6Whimsical, Confusing, Beautiful
I think the book triumphs mainly in the small moments, like when Yui remembers the way her daughter used to dress, or the way she used to sing on the train – it is a stark reminder that we don’t know how long we have left with our loved ones so we should really learn to cherish every moment.

Title: The Phone Box at the Edge of the World
Author: Laura Imai Messina
Type: Fiction
Published: 2020
Pages: 375
TW: Grief, Death of a Loved One

“And if she had said it out loud, Takeshi would have told her the truth. That love is a miracle. Even the second time around. Even when it comes to you by mistake.”

Based on a real place with a real phone box, The Phone Box at the Edge of the World explores one women’s journey coping with her reality after the 2011 tsunami in Japan kills her mother and daughter. In the years that follow, she hears of a phone box in which people journey to in order to speak with the dead. Wanting to heal her trauma, Yui travels to the phone box, but when she gets there, isn’t able to find the courage to pick up the phone and talk.
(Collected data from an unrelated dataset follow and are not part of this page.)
lemma decomposable_curve_points_independent:
  fixes B :: "nat \<Rightarrow> bool list \<Rightarrow> 'a::field_char_0" and p :: "nat \<Rightarrow> nat \<Rightarrow> 'a poly"
  assumes fs: "factorization_structure m B"
    and curves: "\<forall>k<m. factorization_curve m B k (e k) (p k)"
    and "j < m" and "decomposable m e p j" and "r \<le> e j + 1"
    and nonzero: "\<forall>i<r. a i \<noteq> (0, 0)" and distinct: "inj_on (\<lambda>i. proj_pt (a i)) {..<r}"
  shows "lin_indep_family r (\<lambda>i. hom_eval m (e j) (p j) (a i))"
  unfolding lin_indep_family_def
proof (intro allI impI)
  fix c :: "nat \<Rightarrow> 'a" and i0
  assume relation: "\<forall>t. (\<Sum>i<r. c i * hom_eval m (e j) (p j) (a i) t) = 0" and "i0 < r"
  define F where "F i = fs_map m B (hom_eval m (e j) (p j) (a i))" for i
  define K where "K = {k. k < m \<and> curve_image m (e k) (p k) = curve_image m (e j) (p j)}"
  define I where "I = {..<r} - {i0}"
  have "card I \<le> card K"
    using assms(4,5) \<open>i0 < r\<close> by (simp add: I_def K_def decomposable_def)
  then obtain g where g: "g ` I \<subseteq> K" "inj_on g I"
    using card_le_inj[of I K] by (auto simp: I_def K_def)
  have "finite I" "i0 \<notin> I" by (simp_all add: I_def)
  moreover have
    "\<exists>b d. annihilated m (g i) b (F i) \<and> annihilated m (g i) d (F i0) \<and> det2 d b \<noteq> 0"
    if "i \<in> I" for i
  proof -
    have "g i < m" "curve_image m (e (g i)) (p (g i)) = curve_image m (e j) (p j)"
      using g(1) that by (auto simp: K_def)
    moreover have "i < r" "proj_pt (a i) \<noteq> proj_pt (a i0)"
      using distinct that \<open>i0 < r\<close> by (auto simp: I_def inj_on_def)
    ultimately show ?thesis
      unfolding F_def using annihilators_on_curve_with_same_image[OF fs] curves \<open>j < m\<close>
        nonzero \<open>i0 < r\<close> by blast
  qed
  moreover have "\<not> zero_tensor m (F i0)"
    using fs_map_hom_eval_nonzero[OF fs] curves \<open>j < m\<close> nonzero \<open>i0 < r\<close>
    unfolding F_def factorization_curve_def by blast
  moreover have "zero_tensor m (\<lambda>xs. \<Sum>i\<in>insert i0 I. c i * F i xs)"
  proof -
    have "(\<lambda>xs. \<Sum>i<r. c i * F i xs) = fs_map m B (\<lambda>_. 0)"
      using relation unfolding F_def fs_map_sum[symmetric] by simp
    moreover have "insert i0 I = {..<r}" using \<open>i0 < r\<close> by (auto simp: I_def)
    ultimately show ?thesis by (simp add: zero_tensor_def fs_map_def)
  qed
  ultimately show "c i0 = 0" by (rule coefficient_eq_0_by_contractions[OF _ _ g(2)])
qed

theorem corollary2p16:
  shows "(\<forall>m (B :: nat \<Rightarrow> bool list \<Rightarrow> real) (e :: nat \<Rightarrow> nat) (p :: nat \<Rightarrow> nat \<Rightarrow> real poly)
            j r (a :: nat \<Rightarrow> real \<times> real).
           factorization_structure m B \<and>
           (\<forall>k<m. factorization_curve m B k (e k) (p k)) \<and>
           j < m \<and> decomposable m e p j \<and>
           1 \<le> r \<and> r \<le> e j + 1 \<and>
           (\<forall>i<r. a i \<noteq> (0, 0)) \<and> inj_on (\<lambda>i. proj_pt (a i)) {..<r}
           \<longrightarrow> lin_indep_family r (\<lambda>i. hom_eval m (e j) (p j) (a i)))
       \<and>
         (\<forall>m (B :: nat \<Rightarrow> bool list \<Rightarrow> complex) (e :: nat \<Rightarrow> nat) (p :: nat \<Rightarrow> nat \<Rightarrow> complex poly)
            j r (a :: nat \<Rightarrow> complex \<times> complex).
           factorization_structure m B \<and>
           (\<forall>k<m. factorization_curve m B k (e k) (p k)) \<and>
           j < m \<and> decomposable m e p j \<and>
           1 \<le> r \<and> r \<le> e j + 1 \<and>
           (\<forall>i<r. a i \<noteq> (0, 0)) \<and> inj_on (\<lambda>i. proj_pt (a i)) {..<r}
           \<longrightarrow> lin_indep_family r (\<lambda>i. hom_eval m (e j) (p j) (a i)))"
  by (intro conjI allI impI) (auto intro!: decomposable_curve_points_independent)

end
Reminiscing on her memories with her mother and daughter while trying to build a new life for herself Yui must find a way to move forward without them.

Review overview



It’s a beautiful story but one I think that is ultimately overshadowed by it’s confusing narrative and whimsical flow. I really loved Yui’s story and was compelled by her grief, but I wished that there was more palpable plot for me to sink my teeth into. As I alluded before about translations, there is always a chance that read in its original language it lands better but as I cannot read Italian, I unfortunately won’t know for sure.